The truth is, most are going to expire worthless and turn into quick losses.
But… maybe you know something I don’t. You see one of the stocks and it just clicks.
I don’t know. I just know this is an exciting time of the year and we have all this data.
Let’s see if some of these unusual options trades begin to hit. I’ll revisit some of these in next week’s issue and see if any of them made it out big.
That’s all for today. But I do have a special announcement for later this week…
On Thursday, I’m launching a brand-new YouTube series called Quick Takes LIVE.
In this series, I’ll go live at 11:15 a.m. ET to deliver my off-the-cuff takes on stocks that you call out to me in the chat box.
It’s an exciting new approach to our content that I know you’re gonna love.
I look forward to what you bring to the table.
Regards,Chad Shoop, CMT Editor, Quick Hit Profits
Chart of the Day:A Good Spot to Buy?
(Click here to view larger image.)
Normally I don’t talk about specific companies in Chart of the Day. I like to give you a broad market picture that can help inform smaller-scope trading ideas.
But the Spotify story right now — and the valuation — are hard to ignore.
Unless you’re completely out of tune with the internet discourse (and if you are, you live an enriched life and should keep it that way), you know that Spotify and Joe Rogan have taken heat the past few weeks for some of Rogan’s choice of guests on his show.
I won’t go into further detail than that, as this isn’t really the place for it.
All you need to know is that Spotify’s stock has taken a bit of a haircut in response. But the chart action tells me this will be short lived, and SPOT is at least good for a trade here.

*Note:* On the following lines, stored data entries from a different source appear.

locale quadratic_density =
  fixes \<mu> :: "'a set \<Rightarrow> real"
  assumes le_one: "\<mu> S \<le> 1"
    and mono: "S \<subseteq> S' \<Longrightarrow> \<mu> S \<le> \<mu> S'"
    and finite_zero: "finite S \<Longrightarrow> \<mu> S = 0"
    and sum_sq_le: "finite (I :: 'a set) \<Longrightarrow>
      (\<Sum>i\<in>I. \<mu> (X i))\<^sup>2 \<le> (\<Sum>i\<in>I. \<Sum>j\<in>I. \<mu> (X i \<inter> X j))"
begin

lemma nonneg: "0 \<le> \<mu> S"
  using mono[of "{}" S] finite_zero[of "{}"] by simp

lemma tendsto_Lim_ultrafilter:
  assumes "ultrafilter p"
  shows "((\<lambda>g. \<mu> (S g)) \<longlongrightarrow> Lim p (\<lambda>g. \<mu> (S g))) p"
  using ultrafilter_tendsto_Lim[OF assms compact_Icc[of 0 1]] nonneg le_one by simp

lemma card_mult_le_of_almost_disjoint:
  assumes C: "finite (C :: 'a set)"
    and large: "\<And>c. c \<in> C \<Longrightarrow> \<delta> \<le> \<mu> (X c)"
    and small: "\<And>c c'. c \<in> C \<Longrightarrow> c' \<in> C \<Longrightarrow> c \<noteq> c' \<Longrightarrow> \<mu> (X c \<inter> X c') \<le> \<eta>"
    and "0 \<le> \<delta>" "0 \<le> \<eta>"
  shows "real (card C) * (\<delta>\<^sup>2 - \<eta>) \<le> 1"
proof -
  define m where "m = real (card C)"
  have "(m * \<delta>)\<^sup>2 \<le> (\<Sum>c\<in>C. \<mu> (X c))\<^sup>2"
  proof (rule power_mono)
    show "m * \<delta> \<le> (\<Sum>c\<in>C. \<mu> (X c))"
      using sum_mono[of C "\<lambda>_. \<delta>" "\<lambda>c. \<mu> (X c)"] large by (simp add: m_def)
  qed (simp add: m_def \<open>0 \<le> \<delta>\<close>)
  also have "\<dots> \<le> (\<Sum>c\<in>C. \<Sum>c'\<in>C. \<mu> (X c \<inter> X c'))"
    by (rule sum_sq_le[OF C])
  also have "\<dots> \<le> (\<Sum>c\<in>C. \<Sum>c'\<in>C. \<eta> + (if c' = c then 1 else 0))"
  proof (intro sum_mono)
    fix c c' assume "c \<in> C" "c' \<in> C"
    then show "\<mu> (X c \<inter> X c') \<le> \<eta> + (if c' = c then 1 else 0)"
      using small[of c c'] le_one[of "X c \<inter> X c'"] \<open>0 \<le> \<eta>\<close> by (cases "c' = c") auto
  qed
  also have "\<dots> = m * (m * \<eta> + 1)"
    using C by (simp add: sum.distrib m_def)
  finally have sq: "m * (m * \<delta>\<^sup>2) \<le> m * (m * \<eta> + 1)"
    by (simp add: power2_eq_square algebra_simps)
  have "m * (\<delta>\<^sup>2 - \<eta>) \<le> 1"
  proof (cases "m = 0")
    case False
    then have "m * \<delta>\<^sup>2 \<le> m * \<eta> + 1"
      using mult_left_le_imp_le[OF sq] by (simp add: m_def)
    then show ?thesis
      by (simp add: algebra_simps)
  qed simp
  then show ?thesis
    by (simp add: m_def)
qed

It has that classic sign of an oversold bounce about to reverse: Bullish divergence on the momentum indicators.
When I see that, I can’t help but be tempted to bid.
On top of that, Spotify is down more than 50% from its all-time high a year ago. It just beat on earnings and remains the predominant music streaming platform on the market. If you have the stomach to buy a tech stock in this volatile environment, you could do a lot worse than buying SPOT here.